> **What the task requires**
Type out all the records once more, exactly.

> **Dataset**
--------------------

(* Let x be FRP-feasible but not P-feasible. Every violated triple (v, u, t), i.e.
   x_vu = x_ut = 1 and x_vt = 0, has w_vu + w_ut < 0, for otherwise (FRP) would impose
   its constraint. Summing over all violated triples, and noting that the reversal
   (v, u, t) -> (t, u, v) swaps the two terms, the total of w_ut is negative; grouping
   by v, some v has a negative total. For this v and N = {v} \<union> {u. x_vu = 1}, the pairs
   (u, t) of violated triples starting in v are exactly the x-edges leaving N. So
   setting x to 0 on the cut of N keeps every constraint of (FRP), strictly increases
   the objective and removes edges. Iterating, every FRP-feasible vector is dominated
   by a P-feasible one, and FRP-optimal vectors are P-feasible. *)

lemma doubleton_in_edges_iff: "{i, j} \<in> edges V \<longleftrightarrow> i \<in> V \<and> j \<in> V \<and> i \<noteq> j"
  unfolding edges_def by (auto simp: doubleton_eq_iff)

lemma finite_edges: "finite V \<Longrightarrow> finite (edges V)"
  by (rule finite_subset[of _ "Pow V"]) (auto simp: edges_def)

lemma binary_vec_doubleton:
  "binary_vec V x \<Longrightarrow> i \<in> V \<Longrightarrow> j \<in> V \<Longrightarrow> i \<noteq> j \<Longrightarrow> x {i, j} \<in> {0, 1}"
  unfolding binary_vec_def by (simp add: doubleton_in_edges_iff)

definition cut_edges :: "'a set \<Rightarrow> 'a set \<Rightarrow> 'a set set" where
  "cut_edges V S = {{u, t} | u t. u \<in> S \<and> t \<in> V - S}"

lemma doubleton_in_cut_edges_iff:
  "{a, b} \<in> cut_edges V S \<longleftrightarrow> a \<in> S \<and> b \<in> V - S \<or> b \<in> S \<and> a \<in> V - S"
  unfolding cut_edges_def by (auto simp: doubleton_eq_iff)

lemma cut_edges_subset_edges: "S \<subseteq> V \<Longrightarrow> cut_edges V S \<subseteq> edges V"
  unfolding cut_edges_def edges_def by blast
(* Let $p\ge 1$ be an integer, $t\ge 2$, let $n_1,\dots,n_t$ be positive integers, and let $G=K_{n_1,\dots,n_t}$ be the complete $t$-partite graph with partite sets $V_1,\dots,V_t$, $|V_i|=n_i$. Let $N_t=\{1,\dots,t\}$ and $f(I)=\sum_{i\in I}n_i$ for $I\subseteq N_t$, and assume $f(N_t)>p$. Then $$\gamma_p(G)=\min\{s_1,\ p+s_2\}.$$
   Context: A set $S\subseteq V(G)$ is a $p$-dominating set of $G$ if every vertex $v\in V(G)\setminus S$ has at least $p$ neighbors in $S$; $\gamma_p(G)$ is the minimum cardinality of a $p$-dominating set of $G$. Define $s_1=\min\{f(I): I\subseteq N_t,\ f(I)\ge p\}$. Define the family $$\mathscr{I}_p=\Big\{I\subset N_t:\ |I|\le t-2,\ f(I)<p,\ \text{and } \Big\lceil\tfrac{p-f(I)}{t-|I|-1}\Big\rceil\le n_i \text{ for each } i\in N_t\setminus I\Big\},$$ and $s_2=\min\{\lceil\frac{p-f(I)}{t-|I|-1}\rceil: I\in\mathscr{I}_p\}$ if $\mathscr{I}_p\ne\emptyset$, and $s_2=\infty$ if $\mathscr{I}_p=\emptyset$. *)

theory Defs
  imports Main "HOL-Library.Extended_Nat"
begin

text \<open>A graph is given by a vertex set V and a symmetric adjacency relation E.\<close>

definition p_dominating :: "'a set \<Rightarrow> ('a \<Rightarrow> 'a \<Rightarrow> bool) \<Rightarrow> nat \<Rightarrow> 'a set \<Rightarrow> bool" where
  "p_dominating V E p S \<longleftrightarrow> S \<subseteq> V \<and> (\<forall>v \<in> V - S. card {u \<in> S. E v u} \<ge> p)"

definition gamma_p :: "'a set \<Rightarrow> ('a \<Rightarrow> 'a \<Rightarrow> bool) \<Rightarrow> nat \<Rightarrow> nat" where
  "gamma_p V E p = Min {card S | S. p_dominating V E p S}"

text \<open>Complete t-partite graph K_{n_1,...,n_t}: vertex (i,j) lies in part V_i, j < n i;
  two vertices are adjacent iff they lie in different parts.\<close>

definition kpart_V :: "nat \<Rightarrow> (nat \<Rightarrow> nat) \<Rightarrow> (nat \<times> nat) set" where
  "kpart_V t n = {(i, j). i \<in> {1..t} \<and> j < n i}"
(* Let $(R_1,d_1)$, $(R_2,d_2)$ be finitely generated fusion algebras and $(R,d)$ their product fusion algebra. Then $\omega(R,d)=\max(\omega(R_1,d_1),\omega(R_2,d_2))$.
   Context: A fusion algebra $(R,d)$ consists of a set $I$ with distinguished $e$ and involution $\alpha\mapsto\bar\alpha$, a unital ring structure on $R=\mathbb{Z}[I]$ with unit $e$ and $\xi\eta=\sum_\alpha N^\alpha_{\xi,\eta}\alpha$, $N^\alpha_{\xi,\eta}\in\mathbb{Z}_{\ge0}$ finitely many nonzero, the involution extending to a $\mathbb{Z}$-linear antimultiplicative involution, Frobenius reciprocity $N^\alpha_{\xi,\eta}=N^\xi_{\alpha,\bar\eta}=N^\eta_{\bar\xi,\alpha}$, and $\mathbb{Z}$-linear multiplicative $d:R\to\mathbb{R}$ with $d(\bar\alpha)=d(\alpha)\ge1$ on $I$. $|A|=\sum_{\alpha\in A}d(\alpha)^2$. A finite generating set is a finite $X\subseteq I$, $\bar X=X$, such that every $\alpha\in I$ has nonzero coefficient in some $x_1\cdots x_n$, $x_i\in X$; finitely generated means such $X$ exists. $\ell_X(e)=0$, otherwise $\ell_X(\alpha)$ is the least such $n\ge1$; $B_X(n)=\{\alpha:\ell_X(\alpha)\le n\}$; $\omega_X=\lim_n|B_X(n)|^{1/n}$ (exists), $\omega=\inf_X\omega_X$ over finite generating sets. The product fusion algebra of $(R_i,d_i)$ with irreducibles $I_i$ is $R=R_1\otimes_{\mathbb{Z}}R_2$ with irreducibles $I=I_1\times I_2$ (elements written $\alpha\boxtimes\beta$), unit $e_1\boxtimes e_2$, involution $\overline{\alpha\boxtimes\beta}=\bar\alpha\boxtimes\bar\beta$, structure constants $N^{\alpha\boxtimes\alpha'}_{\xi\boxtimes\xi',\eta\boxtimes\eta'}=N^\alpha_{\xi,\eta}N^{\alpha'}_{\xi',\eta'}$ and dimension $d(\alpha\boxtimes\beta)=d_1(\alpha)d_2(\beta)$. *)

theory Defs
  imports Complex_Main
begin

--------------------

> **The answer**
(* Let x be FRP-feasible but not P-feasible. Every violated triple (v, u, t), i.e.
   x_vu = x_ut = 1 and x_vt = 0, has w_vu + w_ut < 0, for otherwise (FRP) would impose
   its constraint. Summing over all violated triples, and noting that the reversal
   (v, u, t) -> (t, u, v) swaps the two terms, the total of w_ut is negative; grouping
   by v, some v has a negative total. For this v and N = {v} \<union> {u. x_vu = 1}, the pairs
   (u, t) of violated triples starting in v are exactly the x-edges leaving N. So
   setting x to 0 on the cut of N keeps every constraint of (FRP), strictly increases
   the objective and removes edges. Iterating, every FRP-feasible vector is dominated
   by a P-feasible one, and FRP-optimal vectors are P-feasible. *)

lemma doubleton_in_edges_iff: "{i, j} \<in> edges V \<longleftrightarrow> i \<in> V \<and> j \<in> V \<and> i \<noteq> j"
  unfolding edges_def by (auto simp: doubleton_eq_iff)

lemma finite_edges: "finite V \<Longrightarrow> finite (edges V)"
  by (rule finite_subset[of _ "Pow V"]) (auto simp: edges_def)

lemma binary_vec_doubleton:
  "binary_vec V x \<Longrightarrow> i \<in> V \<Longrightarrow> j \<in> V \<Longrightarrow> i \<noteq> j \<Longrightarrow> x {i, j} \<in> {0, 1}"
  unfolding binary_vec_def by (simp add: doubleton_in_edges_iff)

definition cut_edges :: "'a set \<Rightarrow> 'a set \<Rightarrow> 'a set set" where
  "cut_edges V S = {{u, t} | u t. u \<in> S \<and> t \<in> V - S}"

lemma doubleton_in_cut_edges_iff:
  "{a, b} \<in> cut_edges V S \<longleftrightarrow> a \<in> S \<and> b \<in> V - S \<or> b \<in> S \<and> a \<in> V - S"
  unfolding cut_edges_def by (auto simp: doubleton_eq_iff)

lemma cut_edges_subset_edges: "S \<subseteq> V \<Longrightarrow> cut_edges V S \<subseteq> edges V"
  unfolding cut_edges_def edges_def by blast
(* Let $p\ge 1$ be an integer, $t\ge 2$, let $n_1,\dots,n_t$ be positive integers, and let $G=K_{n_1,\dots,n_t}$ be the complete $t$-partite graph with partite sets $V_1,\dots,V_t$, $|V_i|=n_i$. Let $N_t=\{1,\dots,t\}$ and $f(I)=\sum_{i\in I}n_i$ for $I\subseteq N_t$, and assume $f(N_t)>p$. Then $$\gamma_p(G)=\min\{s_1,\ p+s_2\}.$$
   Context: A set $S\subseteq V(G)$ is a $p$-dominating set of $G$ if every vertex $v\in V(G)\setminus S$ has at least $p$ neighbors in $S$; $\gamma_p(G)$ is the minimum cardinality of a $p$-dominating set of $G$. Define $s_1=\min\{f(I): I\subseteq N_t,\ f(I)\ge p\}$. Define the family $$\mathscr{I}_p=\Big\{I\subset N_t:\ |I|\le t-2,\ f(I)<p,\ \text{and } \Big\lceil\tfrac{p-f(I)}{t-|I|-1}\Big\rceil\le n_i \text{ for each } i\in N_t\setminus I\Big\},$$ and $s_2=\min\{\lceil\frac{p-f(I)}{t-|I|-1}\rceil: I\in\mathscr{I}_p\}$ if $\mathscr{I}_p\ne\emptyset$, and $s_2=\infty$ if $\mathscr{I}_p=\emptyset$. *)

theory Defs
  imports Main "HOL-Library.Extended_Nat"
begin

text \<open>A graph is given by a vertex set V and a symmetric adjacency relation E.\<close>

definition p_dominating :: "'a set \<Rightarrow> ('a \<Rightarrow> 'a \<Rightarrow> bool) \<Rightarrow> nat \<Rightarrow> 'a set \<Rightarrow> bool" where
  "p_dominating V E p S \<longleftrightarrow> S \<subseteq> V \<and> (\<forall>v \<in> V - S. card {u \<in> S. E v u} \<ge> p)"

definition gamma_p :: "'a set \<Rightarrow> ('a \<Rightarrow> 'a \<Rightarrow> bool) \<Rightarrow> nat \<Rightarrow> nat" where
  "gamma_p V E p = Min {card S | S. p_dominating V E p S}"

text \<open>Complete t-partite graph K_{n_1,...,n_t}: vertex (i,j) lies in part V_i, j < n i;
  two vertices are adjacent iff they lie in different parts.\<close>

definition kpart_V :: "nat \<Rightarrow> (nat \<Rightarrow> nat) \<Rightarrow> (nat \<times> nat) set" where
  "kpart_V t n = {(i, j). i \<in> {1..t} \<and> j < n i}"
(* Let $(R_1,d_1)$, $(R_2,d_2)$ be finitely generated fusion algebras and $(R,d)$ their product fusion algebra. Then $\omega(R,d)=\max(\omega(R_1,d_1),\omega(R_2,d_2))$.
   Context: A fusion algebra $(R,d)$ consists of a set $I$ with distinguished $e$ and involution $\alpha\mapsto\bar\alpha$, a unital ring structure on $R=\mathbb{Z}[I]$ with unit $e$ and $\xi\eta=\sum_\alpha N^\alpha_{\xi,\eta}\alpha$, $N^\alpha_{\xi,\eta}\in\mathbb{Z}_{\ge0}$ finitely many nonzero, the involution extending to a $\mathbb{Z}$-linear antimultiplicative involution, Frobenius reciprocity $N^\alpha_{\xi,\eta}=N^\xi_{\alpha,\bar\eta}=N^\eta_{\bar\xi,\alpha}$, and $\mathbb{Z}$-linear multiplicative $d:R\to\mathbb{R}$ with $d(\bar\alpha)=d(\alpha)\ge1$ on $I$. $|A|=\sum_{\alpha\in A}d(\alpha)^2$. A finite generating set is a finite $X\subseteq I$, $\bar X=X$, such that every $\alpha\in I$ has nonzero coefficient in some $x_1\cdots x_n$, $x_i\in X$; finitely generated means such $X$ exists. $\ell_X(e)=0$, otherwise $\ell_X(\alpha)$ is the least such $n\ge1$; $B_X(n)=\{\alpha:\ell_X(\alpha)\le n\}$; $\omega_X=\lim_n|B_X(n)|^{1/n}$ (exists), $\omega=\inf_X\omega_X$ over finite generating sets. The product fusion algebra of $(R_i,d_i)$ with irreducibles $I_i$ is $R=R_1\otimes_{\mathbb{Z}}R_2$ with irreducibles $I=I_1\times I_2$ (elements written $\alpha\boxtimes\beta$), unit $e_1\boxtimes e_2$, involution $\overline{\alpha\boxtimes\beta}=\bar\alpha\boxtimes\bar\beta$, structure constants $N^{\alpha\boxtimes\alpha'}_{\xi\boxtimes\xi',\eta\boxtimes\eta'}=N^\alpha_{\xi,\eta}N^{\alpha'}_{\xi',\eta'}$ and dimension $d(\alpha\boxtimes\beta)=d_1(\alpha)d_2(\beta)$. *)

theory Defs
  imports Complex_Main
begin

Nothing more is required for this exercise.